From PyPI (recommended)

pip install cnvturbo

With acceleration backends

These extras are only used by the legacy tl.infercnv and tl.hmm_call_cells paths (see Backend coverage). The R-exact main pipeline runs on stock CPU + joblib regardless of which extra you install.

# Numba CPU kernels (legacy `tl.infercnv` sliding-window + `tl.hmm_call_cells` Viterbi)
pip install "cnvturbo[hmm-cpu]"

# PyTorch CUDA back-end (same scope as above; falls back to CPU if no GPU)
pip install "cnvturbo[hmm-gpu]"

# Everything above + Baum-Welch EM emission fitting (`hmmlearn`)
pip install "cnvturbo[hmm]"

Development install

git clone https://github.com/LogicByteCraft/cnvturbo.git
cd cnvturbo
pip install -e ".[dev,test]"

Requirements

• Python ≥ 3.10
• scanpy ≥ 1.10, anndata ≥ 0.7.3, numpy ≥ 1.20, pandas ≥ 1
• Optional accelerators (only effective for tl.infercnv + tl.hmm_call_cells — the R-exact pipeline does not use them):
  • numba ≥ 0.57 — Numba parallel CPU kernels for sliding-window convolution
  • torch ≥ 2.0 — PyTorch CUDA back-end for sliding-window conv1d + batched Viterbi
  • hmmlearn ≥ 0.3 — Baum-Welch EM emission fitting (fit_method="em")

---

Quick start

import scanpy as sc
import cnvturbo
from cnvturbo import tl as cnv_tl, pl as cnv_pl

adata = sc.read_h5ad("my_sample.h5ad")
adata.layers["counts"] = adata.X.copy()

cnv_tl.infercnv_r_compat(
    adata,
    raw_layer="counts",
    reference_key="cell_type",
    reference_cat=["NK", "Endothelial", "Fibroblast"],
    window_size=101,
    min_mean_expr_cutoff=0.1,    # R inferCNV default for 10x; use 1.0 for Smart-seq2
    apply_2x_transform=True,
    n_jobs=16,
)

emit_means, emit_stds, emit_sd_intercepts, emit_sd_slopes = cnv_tl.compute_hspike_emission_params(
    adata,
    raw_layer="counts",
    reference_key="cell_type",
    reference_cat=["NK", "Endothelial", "Fibroblast"],
    min_mean_expr_cutoff=0.1,    # 必须与 infercnv_r_compat 保持一致
    output_space="copy_ratio",
    return_sd_trend=True,
)

cnv_tl.hmm_call_subclusters(
    adata,
    use_rep="cnv",
    reference_key="cell_type",
    reference_cat=["NK", "Endothelial", "Fibroblast"],
    precomputed_emit_means=emit_means,
    precomputed_emit_stds=emit_stds,
    precomputed_emit_sd_intercepts=emit_sd_intercepts,
    precomputed_emit_sd_slopes=emit_sd_slopes,
    leiden_resolution="auto",
    cluster_by_groups=True,
    min_segment_length=5,
    min_segments_for_tumor=1,
    key_added="cnv_call",
    n_jobs=16,
)

print(adata.obs["cnv_call"].value_counts())

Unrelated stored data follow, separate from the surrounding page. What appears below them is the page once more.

lemma chi_set_openin:
  assumes g: "is_graph V E" and sub: "S \<subseteq> tree_space V E" and op: "openin (tree_topology V E) S"
  shows "chi_set V E S =
    2 * int (card (Inl -` S)) - 2 * int (card (Inr -` S)) + int (card (dangling_ends S))"
proof -
  note finV = finite_tree_space_vimage(1)[OF g sub] and finE = finite_tree_space_vimage(2)[OF g sub]
  have card2: "card e = 2" if "e \<in> Inr -` S" for e
  proof -
    have "e \<in> E" using tree_space_vimage_subset[OF sub] that by blast
    then show ?thesis by (rule is_graph_edgeE[OF g]) simp
  qed
  have "chi_set V E S = (\<Sum>v\<in>Inl -` S. 2 - int (card {e \<in> Inr -` S. v \<in> e}))"
    unfolding chi_set_def chi_vertex_def using tree_space_vimage_subset[OF sub]
    by (intro sum.cong) (auto simp: valence_openin[OF g op])
  also have "\<dots> = 2 * int (card (Inl -` S)) - int (\<Sum>v\<in>Inl -` S. card {e \<in> Inr -` S. v \<in> e})"
    by (simp add: sum_subtractf of_nat_sum)
  finally show ?thesis
    using sum_card_incident_plus_card_outer_ends[OF finV finE card2]
    unfolding dangling_ends_def by linarith
qed

section \<open>Splitting off the dangling ends\<close>

text \<open>The sub-graph spanned by S in which every dangling end (e, b) becomes a new
  vertex of its own, so that distinct edges of S share no vertex outside S.\<close>

definition split_end :: "('v + 'v set) set \<Rightarrow> 'v set \<Rightarrow> 'v \<Rightarrow> 'v + 'v set \<times> 'v" where
  "split_end S e u = (if Inl u \<in> S then Inl u else Inr (e, u))"

definition split_vertices :: "('v + 'v set) set \<Rightarrow> ('v + 'v set \<times> 'v) set" where
  "split_vertices S = Inl ` (Inl -` S) \<union> Inr ` dangling_ends S"

definition split_edges :: "('v + 'v set) set \<Rightarrow> ('v + 'v set \<times> 'v) set set" where
  "split_edges S = (\<lambda>e. split_end S e ` e) ` (Inr -` S)"

definition split_proj :: "'v + 'v set \<times> 'v \<Rightarrow> 'v" where
  "split_proj x = (case x of Inl u \<Rightarrow> u | Inr p \<Rightarrow> snd p)"

lemma split_proj_split_end [simp]: "split_proj (split_end S e u) = u"
  by (simp add: split_proj_def split_end_def)

lemma split_proj_image_split_end [simp]: "split_proj ` split_end S e ` e = e"
  by (simp add: image_image)

lemma split_end_in_split_vertices:
  "Inr e \<in> S \<Longrightarrow> u \<in> e \<Longrightarrow> split_end S e u \<in> split_vertices S"
  by (auto simp: split_end_def split_vertices_def dangling_ends_def)

lemma card_split_edges: "card (split_edges S) = card (Inr -` S)"
  unfolding split_edges_def
  by (rule card_image) (metis (no_types, lifting) inj_onI split_proj_image_split_end)

lemma card_split_vertices:
  "finite (Inl -` S) \<Longrightarrow> finite (dangling_ends S) \<Longrightarrow>
    card (split_vertices S) = card (Inl -` S) + card (dangling_ends S)"
  unfolding split_vertices_def
  by (subst card_Un_disjoint) (auto simp: card_image)

lemma split_proj_image_split_vertices:
  "split_proj ` split_vertices S = Inl -` S \<union> frontier_vertices S"
proof (intro equalityI subsetI)
  fix b assume "b \<in> Inl -` S \<union> frontier_vertices S"
  then consider "Inl b \<in> S" | e where "Inr e \<in> S" "b \<in> e" "Inl b \<notin> S"
    by (auto simp: frontier_vertices_def)
  then show "b \<in> split_proj ` split_vertices S"
  proof cases
    case 1
    then show ?thesis by (force simp: split_vertices_def split_proj_def)
  next
    case 2
    then have "Inr (e, b) \<in> split_vertices S" by (auto simp: split_vertices_def dangling_ends_def)
    then show ?thesis by (force simp: split_proj_def)
  qed
qed (auto simp: split_vertices_def split_proj_def dangling_ends_def frontier_vertices_def)

lemma is_graph_split:
  assumes g: "is_graph V E" and sub: "S \<subseteq> tree_space V E"
  shows "is_graph (split_vertices S) (split_edges S)"
  unfolding is_graph_def
proof (intro conjI ballI)
  show "finite (split_vertices S)"
    using finite_tree_space_vimage[OF g sub] finite_dangling_ends[OF g sub]
    by (simp add: split_vertices_def)
  fix x assume "x \<in> split_edges S"
  then obtain e where e: "Inr e \<in> S" "x = split_end S e ` e" by (auto simp: split_edges_def)
  then have "e \<in> E" using sub by (auto simp: tree_space_def)
  then obtain u w where "e = {u, w}" "u \<noteq> w" by (rule is_graph_edgeE[OF g])
  moreover have "split_end S e u \<noteq> split_end S e w" if "u \<noteq> w"
    using that by (metis split_proj_split_end)
  ultimately show "\<exists>a b. x = {a, b} \<and> a \<noteq> b \<and> a \<in> split_vertices S \<and> b \<in> split_vertices S"
    using e by (auto intro!: split_end_in_split_vertices)
qed

lemma split_edge_of_dangling_end:
  "x \<in> split_edges S \<Longrightarrow> Inr (e, b) \<in> x \<Longrightarrow> x = split_end S e ` e"
  by (auto simp: split_edges_def split_end_def split: if_splits)

lemma acyclic_split:
  assumes g: "is_graph V E" and sub: "S \<subseteq> tree_space V E" and acyclic: "\<not> has_cycle V E"
  shows "\<not> has_cycle (split_vertices S) (split_edges S)"
proof
  assume "has_cycle (split_vertices S) (split_edges S)"
  then have "has_cycle (split_vertices S - Inr ` dangling_ends S) (split_edges S)"
    by (rule has_cycle_remove_pendants) (auto dest: split_edge_of_dangling_end)
  then have "has_cycle (Inl ` (Inl -` S)) (split_edges S)"
    by (rule has_cycle_mono) (auto simp: split_vertices_def)
  then have "has_cycle V E"
  proof (rule has_cycle_image[where f = split_proj])
    show "inj_on split_proj (Inl ` (Inl -` S))" by (auto simp: inj_on_def split_proj_def)
    show "split_proj ` Inl ` (Inl -` S) \<subseteq> V"
      using tree_space_vimage_subset[OF sub] by (auto simp: split_proj_def)
    show "split_proj ` x \<in> E" if "x \<in> split_edges S" for x
      using that tree_space_vimage_subset[OF sub] by (auto simp: split_edges_def)
  qed
  with acyclic show False ..
qed

definition split_ends :: "('v + 'v set) set \<Rightarrow> 'v + 'v set \<Rightarrow> ('v + 'v set \<times> 'v) set" where
  "split_ends S z = (case z of Inl v \<Rightarrow> {Inl v} | Inr e \<Rightarrow> split_end S e ` e)"

lemma split_vertices_eq_Union_split_ends: "split_vertices S = \<Union>(split_ends S ` S)"
  by (force simp: split_vertices_def split_ends_def dangling_ends_def split_end_def split: sum.splits)

lemma split_ends_connected:
  assumes g: "is_graph V E" and sub: "S \<subseteq> tree_space V E" and "z \<in> S"
    and "x \<in> split_ends S z" "y \<in> split_ends S z"
  shows "(x, y) \<in> {(a, b). {a, b} \<in> split_edges S}\<^sup>*"
proof (cases z)
  case (Inl v)
  then show ?thesis using assms by (simp add: split_ends_def)
next
  case (Inr e)
  then obtain u w where uw: "x = split_end S e u" "y = split_end S e w" "u \<in> e" "w \<in> e"
    using assms by (auto simp: split_ends_def)
  show ?thesis
  proof (cases "u = w")
    case False
    have "e \<in> E" using Inr \<open>z \<in> S\<close> sub by (auto simp: tree_space_def)
    then have "e = {u, w}" using uw False by (auto elim!: is_graph_edgeE[OF g])
    moreover have "split_end S e ` e \<in> split_edges S"
      using Inr \<open>z \<in> S\<close> by (simp add: split_edges_def)
    ultimately show ?thesis using uw by auto
  qed (use uw in simp)
qed

lemma graph_connected_split:
  assumes g: "is_graph V E" and sub: "S \<subseteq> tree_space V E" and "S \<noteq> {}"
    and op: "openin (tree_topology V E) S" and conn: "connectedin (tree_topology V E) S"
  shows "graph_connected (split_vertices S) (split_edges S)"
  unfolding graph_connected_def
proof (intro conjI ballI)
  let ?R = "{(a, b). {a, b} \<in> split_edges S}"
  have open_at: "Inr e \<in> S \<and> Inl v \<in> split_ends S (Inr e)" if "Inl v \<in> S" "e \<in> E" "v \<in> e" for v e
    using that op by (force simp: openin_tree_topology[OF g] split_ends_def split_end_def)
  have "split_ends S z \<noteq> {}" if "z \<in> S" for z
    using that sub by (auto simp: split_ends_def tree_space_def elim!: is_graph_edgeE[OF g] split: sum.splits)
  then show "split_vertices S \<noteq> {}"
    using \<open>S \<noteq> {}\<close> by (auto simp: split_vertices_eq_Union_split_ends)
  fix a y assume "a \<in> split_vertices S" "y \<in> split_vertices S"
  then obtain za zy where za: "za \<in> S" "a \<in> split_ends S za" and zy: "zy \<in> S" "y \<in> split_ends S zy"
    by (auto simp: split_vertices_eq_Union_split_ends)
  text \<open>The points of S whose split ends are reachable from a are clopen in S.\<close>
  define U where "U = {z \<in> S. \<exists>x\<in>split_ends S z. (a, x) \<in> ?R\<^sup>*}"
  have U_all: "(a, x) \<in> ?R\<^sup>*" if "z \<in> U" "x \<in> split_ends S z" for z x
    using that split_ends_connected[OF g sub] unfolding U_def by (blast intro: rtrancl_trans)
  have U_Inl: "Inl v \<in> U \<longleftrightarrow> Inl v \<in> S \<and> (a, Inl v) \<in> ?R\<^sup>*" for v
    by (simp add: U_def split_ends_def)
  have "openin (tree_topology V E) U"
    unfolding openin_tree_topology[OF g]
  proof (intro conjI allI impI)
    show "U \<subseteq> tree_space V E" using sub by (auto simp: U_def)
    fix v e assume "Inl v \<in> U" "e \<in> E" "v \<in> e"
    then have "Inr e \<in> S" "Inl v \<in> split_ends S (Inr e)" "(a, Inl v) \<in> ?R\<^sup>*"
      using open_at[of v e] U_Inl by auto
    then show "Inr e \<in> U" unfolding U_def by blast
  qed
  moreover have "openin (tree_topology V E) (S - U)"
    unfolding openin_tree_topology[OF g]
  proof (intro conjI allI impI)
    show "S - U \<subseteq> tree_space V E" using sub by auto
    fix v e assume "Inl v \<in> S - U" "e \<in> E" "v \<in> e"
    then show "Inr e \<in> S - U" using open_at[of v e] U_all[of "Inr e" "Inl v"] by (auto simp: U_Inl)
  qed
  moreover have "za \<in> U" using za by (auto simp: U_def)
  ultimately have "S \<subseteq> U"
    using connectedinD[OF conn, of U "S - U"] by (auto simp: U_def)
  then show "(a, y) \<in> ?R\<^sup>*" using zy U_all by blast
qed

After this, adata.obs["cnv_call"] contains "Tumor" / "Normal" per cell, and adata.obs["cnv_call_score"] stores the HMM non-neutral state fraction (proportion_cnv).

For strict R-equivalent cell-level calls, combine the HMM burden with a continuous denoised CNV signal:

ref_mask = adata.obs["cell_type"].isin(["NK", "Endothelial", "Fibroblast"]).to_numpy()
x_denoise = cnv_tl.denoise_r_compat(adata.obsm["X_cnv"], ref_mask)
adata.obs["cnv_score"] = np.mean(np.abs(x_denoise - 1.0), axis=1)
adata.obs["proportion_cnv"] = adata.obs["cnv_call_score"].astype(float)
adata.obs["is_obs_tumor"] = (
    (~ref_mask)
    & (adata.obs["cnv_score"] > np.percentile(adata.obs.loc[ref_mask, "cnv_score"], 95))
    & (adata.obs["proportion_cnv"] > np.percentile(adata.obs.loc[ref_mask, "proportion_cnv"], 95))
)

End-to-end reusable scripts are available in template/.

---

Detailed usage

1. Prepare AnnData

cnvturbo requires:

• Raw integer counts in adata.X or adata.layers["counts"].
• Gene coordinates in adata.var: columns chromosome, start, end.
• A reference annotation in adata.obs: a column identifying normal cells (e.g., NK / Endothelial / Fibroblast).

Add gene coordinates from a GTF:

from cnvturbo.io import genomic_position_from_gtf

genomic_position_from_gtf(
    gtf_file="Homo_sapiens.GRCh38.110.gtf.gz",
    adata=adata,
)

2. R-compatible preprocessing (infercnv_r_compat)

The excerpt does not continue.